Nutzfahrzeuge wieder gefragt

Auch vom deutschen Nutzfahrzeugmarkt gibt es gute Nachrichten. Im laufenden Jahr hat er sich deutlich vom tiefen Absturz im Krisenjahr 2009 erholt, aber noch nicht wieder das langjährige Durchschnittsniveau erreicht. Der VDIK erwartet 2010 gut 280.000 Zulassungen von Transportern, Lastwagen oder Zugmaschinen. Im kommenden Jahr werde der Durchschnitt wieder übertroffen, prognostizierte Lange. Er rechnet mit einem Plus von sechs Prozent.
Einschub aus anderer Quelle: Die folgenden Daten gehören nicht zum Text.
lemma mem_unit_ballE:
  assumes "f \<in> unit_ball p g0 g1" and "g1 \<ge> 0"
  obtains c h where "h \<in> borel_measurable M01" "f = (\<lambda>x. c + f1_of h x)" "h \<in> Lp_ball p g1"
proof -
  obtain c h where h: "h \<in> borel_measurable M01" "f = (\<lambda>x. c + f1_of h x)"
    and cond: "if p = \<infinity> then \<bar>c\<bar> \<le> g0 \<and> (AE t in M01. \<bar>h t\<bar> \<le> g1)
       else wterm (real_of_ereal p) g0 (ennreal (\<bar>c\<bar> powr real_of_ereal p))
          + wterm (real_of_ereal p) g1 (\<integral>\<^sup>+ t. ennreal (\<bar>h t\<bar> powr real_of_ereal p) \<partial>M01) \<le> 1"
    using assms(1) unfolding unit_ball_def by blast
  have "h \<in> Lp_ball p g1"
    using cond assms(2) by (auto simp: Lp_ball_def wterm_le_one_iff[symmetric] intro: order_trans[OF add_increasing])
  with h that show ?thesis
    by blast
qed

lemma f1_of_mem_unit_ball:
  assumes "h \<in> borel_measurable M01" "h \<in> Lp_ball p g1" "g0 \<ge> 0" "g1 \<ge> 0"
  shows "f1_of h \<in> unit_ball p g0 g1"
  unfolding unit_ball_def mem_Collect_eq
  by (rule exI[of _ 0], rule exI[of _ h])
     (use assms in \<open>auto simp: Lp_ball_def wterm_le_one_iff\<close>)

lemma
  assumes hm [measurable]: "h \<in> borel_measurable M01" and h: "h \<in> Lp_ball (ereal r) \<gamma>"
  shows integrable_abs_powr_of_mem_Lp_ball: "integrable M01 (\<lambda>t. \<bar>h t\<bar> powr r)"
    and integral_abs_powr_le_of_mem_Lp_ball: "(\<integral>t. \<bar>h t\<bar> powr r \<partial>M01) \<le> \<gamma> powr r"
proof -
  have le: "(\<integral>\<^sup>+ t. ennreal (\<bar>h t\<bar> powr r) \<partial>M01) \<le> ennreal (\<gamma> powr r)"
    using h by (simp add: Lp_ball_def)
  then show int: "integrable M01 (\<lambda>t. \<bar>h t\<bar> powr r)"
    by (intro integrableI_nonneg) (auto simp: le_less_trans)
  show "(\<integral>t. \<bar>h t\<bar> powr r \<partial>M01) \<le> \<gamma> powr r"
    using le nn_integral_eq_integral[OF int] by (simp add: ennreal_le_iff)
qed

lemma integrable_of_mem_Lp_ball:
  assumes p: "1 \<le> p" and hm [measurable]: "h \<in> borel_measurable M01" and h: "h \<in> Lp_ball p \<gamma>"
  shows "integrable M01 h"
proof (cases p)
  case (real r)
  with p h show ?thesis
    by (intro M01.integrable_of_integrable_abs_powr[OF _ hm] integrable_abs_powr_of_mem_Lp_ball) auto
next
  case PInf
  with h show ?thesis
    by (intro M01.integrable_const_bound[where B=\<gamma>]) (auto simp: Lp_ball_def)
qed (use p in auto)

lemma abs_integral_discrepancy_le_qmc_error:
  assumes "h \<in> borel_measurable M01" "integrable M01 h" "h \<in> Lp_ball p g1"
    and "g0 \<ge> 0" "g1 \<ge> 0" "k \<ge> 1"
  shows "ereal \<bar>\<integral>t. h t * discrepancy k x t \<partial>M01\<bar> \<le> qmc_error p g0 g1 k x"
proof -
  have "f1_of h = (\<lambda>y. 0 + f1_of h y)"
    by simp
  then have "ereal \<bar>integral\<^sup>L M01 (\<lambda>y. 0 + f1_of h y) - QMC k x (\<lambda>y. 0 + f1_of h y)\<bar> \<le> qmc_error p g0 g1 k x"
    unfolding qmc_error_def using f1_of_mem_unit_ball[OF assms(1,3-5)] by (intro SUP_upper) auto
  then show ?thesis
    using integral_minus_QMC_eq[OF assms(1,2,6), of 0 x] by simp
qed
Elektroautos brauchen staatlichen Schubs

Die vielgepriesene automobile Zukunft, nämlich Elektroautos, brauchen staatliche Subventionen, um eine Chance bei deutschen Autokäufern zu haben. Ohne Staatsunterstützung wird die Bundesregierung ihr 2020 eine Million E-Fahrzeuge auf der Straße zu haben, nicht erreichen, meint VDIK-Präsident Volker Lange. Bislang müssen sie mit Mehrkosten in Höhe von rund 15.000 Euro rechnen, wenn sie aus der Steckdose tanken wollen. Die ausländischen Hersteller haben bereits begonnen Elektroautos in Serie zu fertigen. Mit dem Jahreswechsel kommen mehrere dieser Stromer auf den deutschen Markt. Allerdings werden nach Lange wohl nur rund 2500 verkauft. Deutsche Autobauer hinken der Entwicklung hinterher und planen erst 2013 die Serienfertigung von E-Autos aufzunehmen.